The vast salt lake of Pangong Tso comes into Ladakh like a bay from the sea, like a fiord in northern Norway, and it is a wonder to come down to this lake at 4300 meters to hear the waves roll onto the beaches. It gives a most unreal impression, and the fact that (like all the great Tibetan lakes) it has no outlet, and the salt in the air, enhances the illusion of the sea. At the same time mountains of 6500 meters soar above the lake, which gives the landscape a wildly romantic aspect, like something of the final port of Gandalf's and Frodo's leave of Eriador. We were lucky to have some sunshine when we reached it late in the afternoon, but the following morning it was raining again. As travelling companions on this escursion I had five young merry Italians from Florence.
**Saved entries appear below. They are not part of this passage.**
definition net_approximable :: "(real \<Rightarrow> real) \<Rightarrow> (real \<Rightarrow> real) \<Rightarrow> bool" where
  "net_approximable \<sigma> g \<longleftrightarrow>
     (\<forall>R e. 0 < e \<longrightarrow> (\<exists>\<phi>. shallow_net \<sigma> \<phi> \<and> (\<forall>t. \<bar>t\<bar> \<le> R \<longrightarrow> \<bar>g t - \<phi> t\<bar> < e)))"

lemma net_approximableE:
  assumes "net_approximable \<sigma> g" and "0 < e"
  obtains \<phi> where "shallow_net \<sigma> \<phi>" and "\<And>t. \<bar>t\<bar> \<le> R \<Longrightarrow> \<bar>g t - \<phi> t\<bar> < e"
  using assms unfolding net_approximable_def by blast

lemma shallow_net_approximable: "shallow_net \<sigma> \<phi> \<Longrightarrow> net_approximable \<sigma> \<phi>"
  unfolding net_approximable_def by auto

lemma net_approximable_activation: "net_approximable \<sigma> \<sigma>"
  using shallow_net_approximable[OF shallow_net_activation[of \<sigma> 1 0]] by simp

lemma net_approximable_closed:
  assumes "\<And>R e. 0 < e \<Longrightarrow> \<exists>g'. net_approximable \<sigma> g' \<and> (\<forall>t. \<bar>t\<bar> \<le> R \<longrightarrow> \<bar>g t - g' t\<bar> < e)"
  shows "net_approximable \<sigma> g"
  unfolding net_approximable_def
proof (intro allI impI)
  fix R e :: real assume "0 < e"
  then have "0 < e/2" by simp
  then obtain g' where g': "net_approximable \<sigma> g'" "\<And>t. \<bar>t\<bar> \<le> R \<Longrightarrow> \<bar>g t - g' t\<bar> < e/2"
    using assms[of "e/2" R] by auto
  obtain \<phi> where \<phi>: "shallow_net \<sigma> \<phi>" "\<And>t. \<bar>t\<bar> \<le> R \<Longrightarrow> \<bar>g' t - \<phi> t\<bar> < e/2"
    by (rule net_approximableE[OF g'(1) \<open>0 < e/2\<close>, where R=R]) blast
  moreover have "\<bar>g t - \<phi> t\<bar> < e" if "\<bar>t\<bar> \<le> R" for t
    using g'(2)[OF that] \<phi>(2)[OF that] by linarith
  ultimately show "\<exists>\<phi>. shallow_net \<sigma> \<phi> \<and> (\<forall>t. \<bar>t\<bar> \<le> R \<longrightarrow> \<bar>g t - \<phi> t\<bar> < e)"
    by blast
qed

lemma net_approximable_add:
  assumes "net_approximable \<sigma> f" and "net_approximable \<sigma> g"
  shows "net_approximable \<sigma> (\<lambda>t. f t + g t)"
proof (rule net_approximable_closed)
  fix R e :: real assume "0 < e"
  then have "0 < e/2" by simp
  obtain \<phi> where \<phi>: "shallow_net \<sigma> \<phi>" "\<And>t. \<bar>t\<bar> \<le> R \<Longrightarrow> \<bar>f t - \<phi> t\<bar> < e/2"
    by (rule net_approximableE[OF assms(1) \<open>0 < e/2\<close>, where R=R]) blast
  obtain \<psi> where \<psi>: "shallow_net \<sigma> \<psi>" "\<And>t. \<bar>t\<bar> \<le> R \<Longrightarrow> \<bar>g t - \<psi> t\<bar> < e/2"
    by (rule net_approximableE[OF assms(2) \<open>0 < e/2\<close>, where R=R]) blast
  have "\<bar>f t + g t - (\<phi> t + \<psi> t)\<bar> < e" if "\<bar>t\<bar> \<le> R" for t
    using \<phi>(2)[OF that] \<psi>(2)[OF that] by linarith
  then show "\<exists>g'. net_approximable \<sigma> g' \<and> (\<forall>t. \<bar>t\<bar> \<le> R \<longrightarrow> \<bar>f t + g t - g' t\<bar> < e)"
    using \<phi>(1) \<psi>(1) by (blast intro: shallow_net_approximable shallow_net_add)
qed

lemma net_approximable_cmult:
  assumes "net_approximable \<sigma> f" shows "net_approximable \<sigma> (\<lambda>t. c * f t)"
proof (rule net_approximable_closed)
  fix R e :: real assume "0 < e"
  then have "0 < e / (\<bar>c\<bar> + 1)" by simp
  then obtain \<phi> where \<phi>: "shallow_net \<sigma> \<phi>" "\<And>t. \<bar>t\<bar> \<le> R \<Longrightarrow> \<bar>f t - \<phi> t\<bar> < e / (\<bar>c\<bar> + 1)"
    by (rule net_approximableE[OF assms, where R=R]) blast
  have "\<bar>c * f t - c * \<phi> t\<bar> < e" if "\<bar>t\<bar> \<le> R" for t
  proof -
    have "\<bar>c * f t - c * \<phi> t\<bar> = \<bar>c\<bar> * \<bar>f t - \<phi> t\<bar>"
      by (simp flip: abs_mult right_diff_distrib)
    also have "\<dots> \<le> \<bar>c\<bar> * (e / (\<bar>c\<bar> + 1))" using \<phi>(2)[OF that] by (intro mult_left_mono) auto
    also have "\<dots> < e" using \<open>0 < e\<close> by (simp add: field_simps)
    finally show ?thesis .
  qed
  then show "\<exists>g'. net_approximable \<sigma> g' \<and> (\<forall>t. \<bar>t\<bar> \<le> R \<longrightarrow> \<bar>c * f t - g' t\<bar> < e)"
    using \<phi>(1) by (blast intro: shallow_net_approximable shallow_net_cmult)
qed

lemma net_approximable_diff:
  "net_approximable \<sigma> f \<Longrightarrow> net_approximable \<sigma> g \<Longrightarrow> net_approximable \<sigma> (\<lambda>t. f t - g t)"
  using net_approximable_add[of \<sigma> f "\<lambda>t. -1 * g t"] net_approximable_cmult[of \<sigma> g "-1"] by simp
lemma cfun_scale: "f \<in> cfun \<Longrightarrow> (\<lambda>x. c * f x) \<in> cfun"
  by (simp add: cfun_def continuous_on_mult_left)

lemma cfun_sum: "G \<subseteq> cfun \<Longrightarrow> (\<lambda>x. \<Sum>f\<in>G. c f * f x) \<in> cfun"
  unfolding cfun_def mem_Collect_eq subset_iff by (intro continuous_on_sum continuous_on_mult_left) auto

lemma signed_measure_sum:
  assumes "\<mu> \<in> signed_measures" "finite G" "G \<subseteq> cfun"
  shows "\<mu> (\<lambda>x. \<Sum>f\<in>G. c f * f x) = (\<Sum>f\<in>G. c f * \<mu> f)"
  using assms(2,3)
proof (induction G rule: finite_induct)
  case empty
  thus ?case using signed_measure_scale[OF assms(1) cfun_const, of 0 0] by simp
next
  case (insert f G)
  hence "\<mu> (\<lambda>x. \<Sum>f\<in>insert f G. c f * f x) = \<mu> (\<lambda>x. c f * f x) + \<mu> (\<lambda>x. \<Sum>f\<in>G. c f * f x)"
    using signed_measure_add[OF assms(1) cfun_scale cfun_sum] by simp
  thus ?case using insert signed_measure_scale[OF assms(1)] by simp
qed

lemma scaled_signed_measure:
  assumes "\<mu> \<in> signed_measures"
  shows "(\<lambda>f. c * \<mu> f) \<in> signed_measures"
proof -
  obtain C where C: "\<forall>f\<in>cfun. \<bar>\<mu> f\<bar> \<le> C * (SUP x. \<bar>f x\<bar>)"
    using assms by (auto simp: signed_measures_def)
  have "\<bar>c * \<mu> f\<bar> \<le> (\<bar>c\<bar> * C) * (SUP x. \<bar>f x\<bar>)" if "f \<in> cfun" for f
    using mult_left_mono[OF C[rule_format, OF that], of "\<bar>c\<bar>"] by (simp add: abs_mult mult.assoc)
  hence "\<exists>C. \<forall>f\<in>cfun. \<bar>c * \<mu> f\<bar> \<le> C * (SUP x. \<bar>f x\<bar>)" by blast
  thus ?thesis using assms by (auto simp: signed_measures_def algebra_simps)
qed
Back in Leh, the damages of the incessant rains continue. There was supposed to have been some dancing and singing today for the Indian Independence Day by Ladakhi folklore choirs in the Polo ground, but it looks like they will have to do it in the rain. The damages are unsurveyable. Practically all Ladakh is a disaster area, in Leh, the capital, two important roads with bridges have been completely washed away in the very centre, but the worst is the problem with the roofs. The Ladakhi homes are built of clay with stamped flat roofs, mainly used to dry fruits on, they can take rains but only to a limited scale. With rains ten times worse than ever, people are forced to put tarpaulins across their roofs each time it's raining not to have the dissolved clay come into their houses.


Many foreigners come here this season only for trekking, and many of them had to leave without having done a single trek. That at least was better than to get rained in in some weird isolated place without being able to get out. My Zanskar expedition was ruined, like so many other visitors' dreams here, but instead I was given this very remarkable Leh Conference, one of the key questions of which was the global warming problem, which was more palpable than ever in Ladakh at this time, since this problem about the rains in Ladakh is only due to the global warming. Since the Himalayas are highest in the world and vast like a continent, the problem is more focused here and affects people more drastically than in other places, which means, that if disaster strikes the Himalayas, that is only a warning signal of what is to follow in the rest of the world; while people like president Bush turns a blind eye to the well researched purely scientific investigation of the problem made available on a documentary film by Al Gore and simply refuses to see it.


The conference people are waking up now and getting active, so more news is to follow.




8th report - Defeat.
 
Today the sun is shining, but you don't believe in it any more. Yesterday the bus station authorities told me the road to Zanskar (from Kargil to Padum) was open and working, but then there were some new rains, and the road was closed again. So I have given up Zanskar for this journey. Instead I go for a few days up to Pangong Tso, the highest and largest lake in Ladakh stretching for 150 kilometers into Tibet. At least something. Then there will be three days left for me in Leh before returning to Manali and Dharamsala. Thus the retreat will at least not be very stressful.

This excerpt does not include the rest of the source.